Not that he always possessed that skill, he acknowledged. Thorn recalled his first banquet speech many years ago came at the request of then Baylor University President W.R. White.

Thorn summed up the evening simply: “It was a mess.”

A month later, White called him with a second engagement. Thorn told him, ‘You can’t imagine how bad it was.”

“Yes I can,” White told him. “I was there.”

“But he saw something I did not see, and that was the beginning,” Thorn recalled.

While he knows he is invited to entertain, Thorn works to do a bit more with his speeches. He wants his humorous speeches—like his sermons—to have content that will help people.

While his public speaking dates back several decades, Thorn insists he is not extroverted, and it remains difficult for him.
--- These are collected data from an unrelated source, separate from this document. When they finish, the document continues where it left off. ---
(* Let $N\ge 1$ patches, indexed $I=1,\dots,N$, be equispaced with macroscale spacing $H>0$ on an $L$-periodic domain, $L=NH$. Each patch carries $n\ge1$ interior lattice points with microscale spacing $d>0$, so the patch width is $h=nd=rH$ with $0<r\le 1$, and the left-next-to-edge point of patch $I$ is at $x^I_1=x^1_1+(I-1)H$. The interior values $u^I_i(t)\in\mathbb{R}$, $i=1,\dots,n$, evolve by $$d^2\partial_t u^I_i=\kappa^I_{i+\frac12}(u^I_{i+1}-u^I_i)+\kappa^I_{i-\frac12}(u^I_{i-1}-u^I_i),\qquad i=1,\dots,n,$$ with real diffusivities $\kappa^I_{i\pm1/2}$ satisfying $\kappa^I_{1/2}=\kappa^J_{n+1/2}$ for all patches $I,J$. The edge values are defined by spectral interpolation $$u^I_{n+1}=\sum_{J=1}^N \mathcal I^{IJ}_{n1}u^J_1,\quad \mathcal I^{IJ}_{n1}=\frac1N\sum_{k\in\mathcal K}e^{\mathrm{i}kH(I-J+r)},\qquad u^I_{0}=\sum_{J=1}^N \mathcal I^{IJ}_{1n}u^J_n,\quad \mathcal I^{IJ}_{1n}=\frac1N\sum_{k\in\mathcal K}e^{\mathrm{i}kH(I-J-r)},$$ where $\mathcal K$ is a fixed finite set of integer multiples of $2\pi/L$ that is symmetric ($k\in\mathcal K\Rightarrow -k\in\mathcal K$). Then all $\mathcal I^{IJ}_{n1},\mathcal I^{IJ}_{1n}$ are real, $\mathcal I^{IJ}_{1n}=\mathcal I^{JI}_{n1}$ for all $I,J$, and the resulting linear system $\partial_t\mathbf u=\mathcal L\mathbf u$ for $\mathbf u=(u^1_1,\dots,u^1_n,\dots,u^N_1,\dots,u^N_n)\in\mathbb R^{nN}$ has a real symmetric (hence self-adjoint) matrix $\mathcal L$.
   Context: This is the "self-adjoint patch scheme" for 1D heterogeneous lattice diffusion: each patch's edge values $u^I_0$ and $u^I_{n+1}$ are not dynamic variables but are set by interpolating from the next-to-edge values of (possibly all) patches, with the left edge interpolated from the right-next-to-edge values $u^J_n$ and the right edge from the left-next-to-edge values $u^J_1$. Here $\mathrm i=\sqrt{-1}$. A real square matrix is self-adjoint (for the standard inner product) iff it is symmetric. *)

theory Defs
  imports Complex_Main
begin

text \<open>Diffusivities: kap I j = kappa^I_(j - 1/2), for j = 1..n+1.\<close>

definition interp_n1 :: "nat \<Rightarrow> real \<Rightarrow> real \<Rightarrow> real set \<Rightarrow> nat \<Rightarrow> nat \<Rightarrow> complex" where
  "interp_n1 N H r K I J =
     (1 / of_nat N) * (\<Sum>k\<in>K. exp (\<i> * complex_of_real (k * H * (real I - real J + r))))"

definition interp_1n :: "nat \<Rightarrow> real \<Rightarrow> real \<Rightarrow> real set \<Rightarrow> nat \<Rightarrow> nat \<Rightarrow> complex" where
  "interp_1n N H r K I J =
     (1 / of_nat N) * (\<Sum>k\<in>K. exp (\<i> * complex_of_real (k * H * (real I - real J - r))))"

definition patch_val ::
  "nat \<Rightarrow> nat \<Rightarrow> real \<Rightarrow> real \<Rightarrow> real set \<Rightarrow> (nat \<times> nat \<Rightarrow> real) \<Rightarrow> nat \<Rightarrow> nat \<Rightarrow> complex" where
  "patch_val N n H r K u I j =
     (if j = 0 then (\<Sum>J=1..N. interp_1n N H r K I J * complex_of_real (u (J, n)))
      else if j = n + 1 then (\<Sum>J=1..N. interp_n1 N H r K I J * complex_of_real (u (J, 1)))
      else complex_of_real (u (I, j)))"

definition patch_rhs ::
  "nat \<Rightarrow> nat \<Rightarrow> real \<Rightarrow> real \<Rightarrow> real \<Rightarrow> real set \<Rightarrow> (nat \<Rightarrow> nat \<Rightarrow> real)
   \<Rightarrow> (nat \<times> nat \<Rightarrow> real) \<Rightarrow> nat \<times> nat \<Rightarrow> complex" where
  "patch_rhs N n d H r K kap u p =
     (let I = fst p; i = snd p; v = patch_val N n H r K u I in
      (1 / complex_of_real (d\<^sup>2)) *
        (complex_of_real (kap I (i + 1)) * (v (i + 1) - v i)
         + complex_of_real (kap I i) * (v (i - 1) - v i)))"

definition patch_idx :: "nat \<Rightarrow> nat \<Rightarrow> (nat \<times> nat) set" where
  "patch_idx N n = {1..N} \<times> {1..n}"

end

theory Submission
  imports Defs
begin

text \<open>Since \<open>K\<close> is symmetric, sums over \<open>K\<close> are invariant under \<open>k \<mapsto> -k\<close>. This cancels the
  sine parts of the interpolation weights, so they are real, and it turns the phase
  \<open>I - J - r\<close> into \<open>J - I + r\<close>, so the weight of \<open>u^J_n\<close> in \<open>u^I_0\<close> equals the weight
  of \<open>u^I_1\<close> in \<open>u^J_(n+1)\<close>. Substituting the edge values into the stencil gives a real
  matrix whose interior part is the usual symmetric tridiagonal one, while the entry
  coupling \<open>u^I_n\<close> to \<open>u^J_1\<close> is \<open>\<kappa>^I_(n+1/2) A I J\<close> and the reverse entry is
  \<open>\<kappa>^J_(1/2) A I J\<close>; these agree because all edge diffusivities coincide.\<close>

lemma sum_reflect_symmetric:
  fixes K :: "'a::ab_group_add set"
  assumes "\<forall>k\<in>K. - k \<in> K"
  shows "(\<Sum>k\<in>K. f (- k)) = (\<Sum>k\<in>K. f k)"
  by (rule sum.reindex_bij_witness[of _ uminus uminus]) (use assms in auto)

lemma Im_sum_exp_symmetric:
  assumes "\<forall>k\<in>K. - k \<in> K"
  shows "Im (\<Sum>k\<in>K. exp (\<i> * complex_of_real (k * c))) = 0"
proof -
  have "(\<Sum>k\<in>K. sin (k * c)) = (\<Sum>k\<in>K. sin (- k * c))"
    using sum_reflect_symmetric[OF assms, of "\<lambda>k. sin (k * c)"] by simp
  also have "\<dots> = - (\<Sum>k\<in>K. sin (k * c))"
    by (simp add: sum_negf)
  finally show ?thesis
    by (simp add: Im_exp)
qed

lemma Im_interp_n1:
  assumes "\<forall>k\<in>K. - k \<in> K"
  shows "Im (interp_n1 N H r K I J) = 0"
  using Im_sum_exp_symmetric[OF assms, of "H * (real I - real J + r)"]
  by (simp add: interp_n1_def mult.assoc)

lemma Im_interp_1n:
  assumes "\<forall>k\<in>K. - k \<in> K"
  shows "Im (interp_1n N H r K I J) = 0"
  using Im_sum_exp_symmetric[OF assms, of "H * (real I - real J - r)"]
  by (simp add: interp_1n_def mult.assoc)

lemma interp_1n_eq_interp_n1_swap:
  assumes "\<forall>k\<in>K. - k \<in> K"
  shows "interp_1n N H r K I J = interp_n1 N H r K J I"
proof -
  have "(\<Sum>k\<in>K. exp (\<i> * complex_of_real (k * H * (real J - real I + r))))
      = (\<Sum>k\<in>K. exp (\<i> * complex_of_real (- k * H * (real J - real I + r))))"
    using sum_reflect_symmetric[OF assms,
        of "\<lambda>k. exp (\<i> * complex_of_real (k * H * (real J - real I + r)))"] by simp
  also have "\<dots> = (\<Sum>k\<in>K. exp (\<i> * complex_of_real (k * H * (real I - real J - r))))"
    by (simp add: algebra_simps)
  finally show ?thesis
    by (simp add: interp_1n_def interp_n1_def)
qed

text \<open>\<open>A I J\<close> stands for the real weight \<open>interp_n1 N H r K I J\<close>; the last two terms come
  from substituting the interpolated edge values \<open>u^I_(n+1)\<close> and \<open>u^I_0\<close>.\<close>
fun patch_matrix ::
  "nat \<Rightarrow> real \<Rightarrow> (nat \<Rightarrow> nat \<Rightarrow> real) \<Rightarrow> (nat \<Rightarrow> nat \<Rightarrow> real)
   \<Rightarrow> nat \<times> nat \<Rightarrow> nat \<times> nat \<Rightarrow> real" where
  "patch_matrix n d kap A (I, i) (J, j) =
     ((if J = I \<and> j = i + 1 then kap I j else 0)
      + (if J = I \<and> i = j + 1 then kap I i else 0)
      - (if J = I \<and> j = i then kap I (i + 1) + kap I i else 0)
      + (if i = n \<and> j = 1 then kap I (n + 1) * A I J else 0)
      + (if i = 1 \<and> j = n then kap I 1 * A J I else 0)) / d\<^sup>2"

lemma patch_matrix_symmetric:
  assumes "\<forall>I\<in>{1..N}. \<forall>J\<in>{1..N}. kap I 1 = kap J (n + 1)"
    and "p \<in> patch_idx N n" and "q \<in> patch_idx N n"
  shows "patch_matrix n d kap A p q = patch_matrix n d kap A q p"
proof -
  obtain I i J j where pq: "p = (I, i)" "q = (J, j)" and "I \<in> {1..N}" "J \<in> {1..N}"
    using assms(2,3) by (auto simp: patch_idx_def)
  with assms(1) have "kap I 1 = kap J (n + 1)" "kap J 1 = kap I (n + 1)"
    by blast+
  then have "(if i = n \<and> j = 1 then kap I (n + 1) * A I J else 0)
             = (if j = 1 \<and> i = n then kap J 1 * A I J else 0)"
    "(if i = 1 \<and> j = n then kap I 1 * A J I else 0)
             = (if j = n \<and> i = 1 then kap J (n + 1) * A J I else 0)"
    by auto
  moreover have "(if J = I \<and> j = i + 1 then kap I j else 0)
             = (if I = J \<and> j = i + 1 then kap J j else 0)"
    "(if J = I \<and> i = j + 1 then kap I i else 0)
             = (if I = J \<and> i = j + 1 then kap J i else 0)"
    "(if J = I \<and> j = i then kap I (i + 1) + kap I i else 0)
             = (if I = J \<and> i = j then kap J (j + 1) + kap J j else 0)"
    by auto
  ultimately show ?thesis
    unfolding pq patch_matrix.simps by (simp only: ac_simps)
qed

lemma sum_sum_column:
  assumes "finite B"
  shows "(\<Sum>J\<in>A. \<Sum>j\<in>B. (if j = a then g J else 0) * u (J, j))
       = (if a \<in> B then \<Sum>J\<in>A. g J * u (J, a) else (0::'a::comm_semiring_1))"
  using assms by (simp add: if_distrib[of "\<lambda>x. x * _"] sum.delta' cong: if_cong)

lemma patch_matrix_row_sum:
  assumes "I \<in> {1..N}" "1 \<le> i" "i \<le> n"
  shows "(\<Sum>q\<in>patch_idx N n. patch_matrix n d kap A (I, i) q * u q)
    = (kap I (i + 1) * ((if i = n then \<Sum>J=1..N. A I J * u (J, 1) else u (I, i + 1)) - u (I, i))
       + kap I i * ((if i = 1 then \<Sum>J=1..N. A J I * u (J, n) else u (I, i - 1)) - u (I, i))) / d\<^sup>2"
    (is "_ = ?rhs")
proof -
  let ?col = "\<lambda>a g. \<Sum>J=1..N. \<Sum>j=1..n. (if j = a then g J else 0) * u (J, j)"
  have entry: "patch_matrix n d kap A (I, i) (J, j)
     = ((if j = i + 1 then (if J = I then kap I (i + 1) else 0) else 0)
       + (if j = i - 1 then (if J = I then kap I i else 0) else 0)
       - (if j = i then (if J = I then kap I (i + 1) + kap I i else 0) else 0)
       + (if j = 1 then (if i = n then kap I (n + 1) * A I J else 0) else 0)
       + (if j = n then (if i = 1 then kap I 1 * A J I else 0) else 0)) / d\<^sup>2" for J j
    using assms(2) by auto
  have "(\<Sum>q\<in>patch_idx N n. patch_matrix n d kap A (I, i) q * u q)
     = (\<Sum>J=1..N. \<Sum>j=1..n. patch_matrix n d kap A (I, i) (J, j) * u (J, j))"
    unfolding patch_idx_def sum.cartesian_product by (rule sum.cong) auto
  also have "\<dots> = (?col (i + 1) (\<lambda>J. if J = I then kap I (i + 1) else 0)
      + ?col (i - 1) (\<lambda>J. if J = I then kap I i else 0)
      - ?col i (\<lambda>J. if J = I then kap I (i + 1) + kap I i else 0)
      + ?col 1 (\<lambda>J. if i = n then kap I (n + 1) * A I J else 0)
      + ?col n (\<lambda>J. if i = 1 then kap I 1 * A J I else 0)) / d\<^sup>2"
    unfolding entry
    by (simp only: times_divide_eq_left ring_distribs sum_divide_distrib[symmetric] sum.distrib sum_subtractf)
  also have "\<dots> = ((if i + 1 \<in> {1..n} then kap I (i + 1) * u (I, i + 1) else 0)
      + (if i - 1 \<in> {1..n} then kap I i * u (I, i - 1) else 0)
      - (kap I (i + 1) + kap I i) * u (I, i)
      + (if i = n then kap I (n + 1) * (\<Sum>J=1..N. A I J * u (J, 1)) else 0)
      + (if i = 1 then kap I 1 * (\<Sum>J=1..N. A J I * u (J, n)) else 0)) / d\<^sup>2"
  proof -
    have col: "?col a g = (if a \<in> {1..n} then \<Sum>J=1..N. g J * u (J, a) else 0)" for a g
      by (rule sum_sum_column) simp
    have delta: "(\<Sum>J=1..N. (if J = I then c else 0) * u (J, a)) = c * u (I, a)" for c a
      using assms(1) by (simp add: if_distrib[of "\<lambda>x. x * _"] sum.delta cong: if_cong)
    have "i \<in> {1..n}" "1 \<in> {1..n}" "n \<in> {1..n}"
      using assms(2,3) by auto
    then show ?thesis
      unfolding col delta by (simp add: sum_distrib_left mult.assoc del: atLeastAtMost_iff)
  qed
  also have "\<dots> = ?rhs"
    using assms by (cases "i = n"; cases "i = 1") (auto simp: algebra_simps)
  finally show ?thesis .
qed

lemma patch_rhs_real_stencil:
  assumes "\<And>I J. interp_n1 N H r K I J = complex_of_real (A I J)"
    and "\<And>I J. interp_1n N H r K I J = complex_of_real (A J I)"
    and "1 \<le> i" "i \<le> n"
  shows "patch_rhs N n d H r K kap u (I, i)
    = complex_of_real
       ((kap I (i + 1) * ((if i = n then \<Sum>J=1..N. A I J * u (J, 1) else u (I, i + 1)) - u (I, i))
         + kap I i * ((if i = 1 then \<Sum>J=1..N. A J I * u (J, n) else u (I, i - 1)) - u (I, i)))
        / d\<^sup>2)"
proof -
  have "patch_val N n H r K u I (i + 1)
      = complex_of_real (if i = n then \<Sum>J=1..N. A I J * u (J, 1) else u (I, i + 1))"
    "patch_val N n H r K u I (i - 1)
      = complex_of_real (if i = 1 then \<Sum>J=1..N. A J I * u (J, n) else u (I, i - 1))"
    "patch_val N n H r K u I i = complex_of_real (u (I, i))"
    using assms unfolding patch_val_def by auto
  then show ?thesis
    by (simp add: patch_rhs_def Let_def add_divide_distrib)
qed

lemma patch_rhs_eq_patch_matrix:
  assumes "\<And>I J. interp_n1 N H r K I J = complex_of_real (A I J)"
    and "\<And>I J. interp_1n N H r K I J = complex_of_real (A J I)"
    and "p \<in> patch_idx N n"
  shows "patch_rhs N n d H r K kap u p
    = complex_of_real (\<Sum>q\<in>patch_idx N n. patch_matrix n d kap A p q * u q)"
proof -
  obtain I i where "p = (I, i)" "I \<in> {1..N}" "1 \<le> i" "i \<le> n"
    using assms(3) by (auto simp: patch_idx_def)
  then show ?thesis
    using patch_rhs_real_stencil[OF assms(1,2)] patch_matrix_row_sum by simp
qed

theorem lemma1:
  fixes N n :: nat and H d r L h :: real and K :: "real set"
    and kap :: "nat \<Rightarrow> nat \<Rightarrow> real"
  assumes "N \<ge> 1" and "n \<ge> 1" and "H > 0" and "d > 0"
    and "0 < r" and "r \<le> 1"
    and "L = real N * H" and "h = real n * d" and "h = r * H"
    and "finite K"
    and "\<forall>k\<in>K. \<exists>m::int. k = real_of_int m * 2 * pi / L"
    and "\<forall>k\<in>K. - k \<in> K"
    and "\<forall>I\<in>{1..N}. \<forall>J\<in>{1..N}. kap I 1 = kap J (n + 1)"
  shows "(\<forall>I\<in>{1..N}. \<forall>J\<in>{1..N}.
            Im (interp_n1 N H r K I J) = 0 \<and> Im (interp_1n N H r K I J) = 0 \<and>
            interp_1n N H r K I J = interp_n1 N H r K J I)
       \<and> (\<exists>M :: nat \<times> nat \<Rightarrow> nat \<times> nat \<Rightarrow> real.
            (\<forall>p\<in>patch_idx N n. \<forall>q\<in>patch_idx N n. M p q = M q p) \<and>
            (\<forall>u p. p \<in> patch_idx N n \<longrightarrow>
               patch_rhs N n d H r K kap u p
                 = complex_of_real (\<Sum>q\<in>patch_idx N n. M p q * u q)))"
proof -
  note K_symmetric = \<open>\<forall>k\<in>K. - k \<in> K\<close>
  define A where "A I J = Re (interp_n1 N H r K I J)" for I J
  have A_n1: "interp_n1 N H r K I J = complex_of_real (A I J)" for I J
    using Im_interp_n1[OF K_symmetric] by (simp add: A_def complex_eq_iff)
  have A_1n: "interp_1n N H r K I J = complex_of_real (A J I)" for I J
    by (simp add: interp_1n_eq_interp_n1_swap[OF K_symmetric] A_n1)
  show ?thesis
  proof (intro conjI exI allI impI ballI)
    fix I J
    show "Im (interp_n1 N H r K I J) = 0" "Im (interp_1n N H r K I J) = 0"
      "interp_1n N H r K I J = interp_n1 N H r K J I"
      using K_symmetric by (rule Im_interp_n1 Im_interp_1n interp_1n_eq_interp_n1_swap)+
  next
    fix p q
    assume "p \<in> patch_idx N n" "q \<in> patch_idx N n"
    with \<open>\<forall>I\<in>{1..N}. \<forall>J\<in>{1..N}. kap I 1 = kap J (n + 1)\<close>
    show "patch_matrix n d kap A p q = patch_matrix n d kap A q p"
      by (rule patch_matrix_symmetric)
  next
    fix u p
    assume "p \<in> patch_idx N n"
    with A_n1 A_1n show "patch_rhs N n d H r K kap u p
        = complex_of_real (\<Sum>q\<in>patch_idx N n. patch_matrix n d kap A p q * u q)"
      by (rule patch_rhs_eq_patch_matrix)
  qed
qed

end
“Although I speak all the time, I never get up but that it’s a struggle,” Thorn said.

Nevertheless, he continues to speak around the state and nation. But he has a few rules he lives by when it comes to his public speaking career.

“I don’t advertise. If you’ve been in the ministry as long as I have and nobody wants you, you get the message pretty straight,” Thorn said.

Neither does he set fees. If asked, he tells people who invite him to speak to do whatever they usually do for guest speakers. About 25 percent of his engagements don’t cover his expenses.

But his skill and longevity keep him busy. This month, he will speak at the National Antique Car Convention, and next month he will speak to 113 county judges.

His popularity as a speaker began more than 60 years ago, he said, when he spoke at a Brotherhood convention.

After his speech, Pat Zondervan approached him and told him that if he would put that speech into a book, he would publish it. The book was titled A Bit of Honey. Six decades and four printings later, people still bring the book to Thorn to be signed.

Thorn insists he just does what comes naturally.

“Humor is tender. You can’t force humor. The worst thing in the world is for a fellow to try and can’t do it. It has to be spontaneous. It has to be natural,” he said.

The best humorists are effective communicators—just like the best preachers, he noted. If God has called someone to be a pastor, he has given that person the ability to communicate.

“God called you, get up and use what he gave you. Keep working at it and keep getting better. After a while, if you use what he gave you, you’re going to be unique, which is what God had in mind when he called you, not that you would be like some other guy.

“Find what’s natural to you and then develop it; then you become unique. You become what God intended.”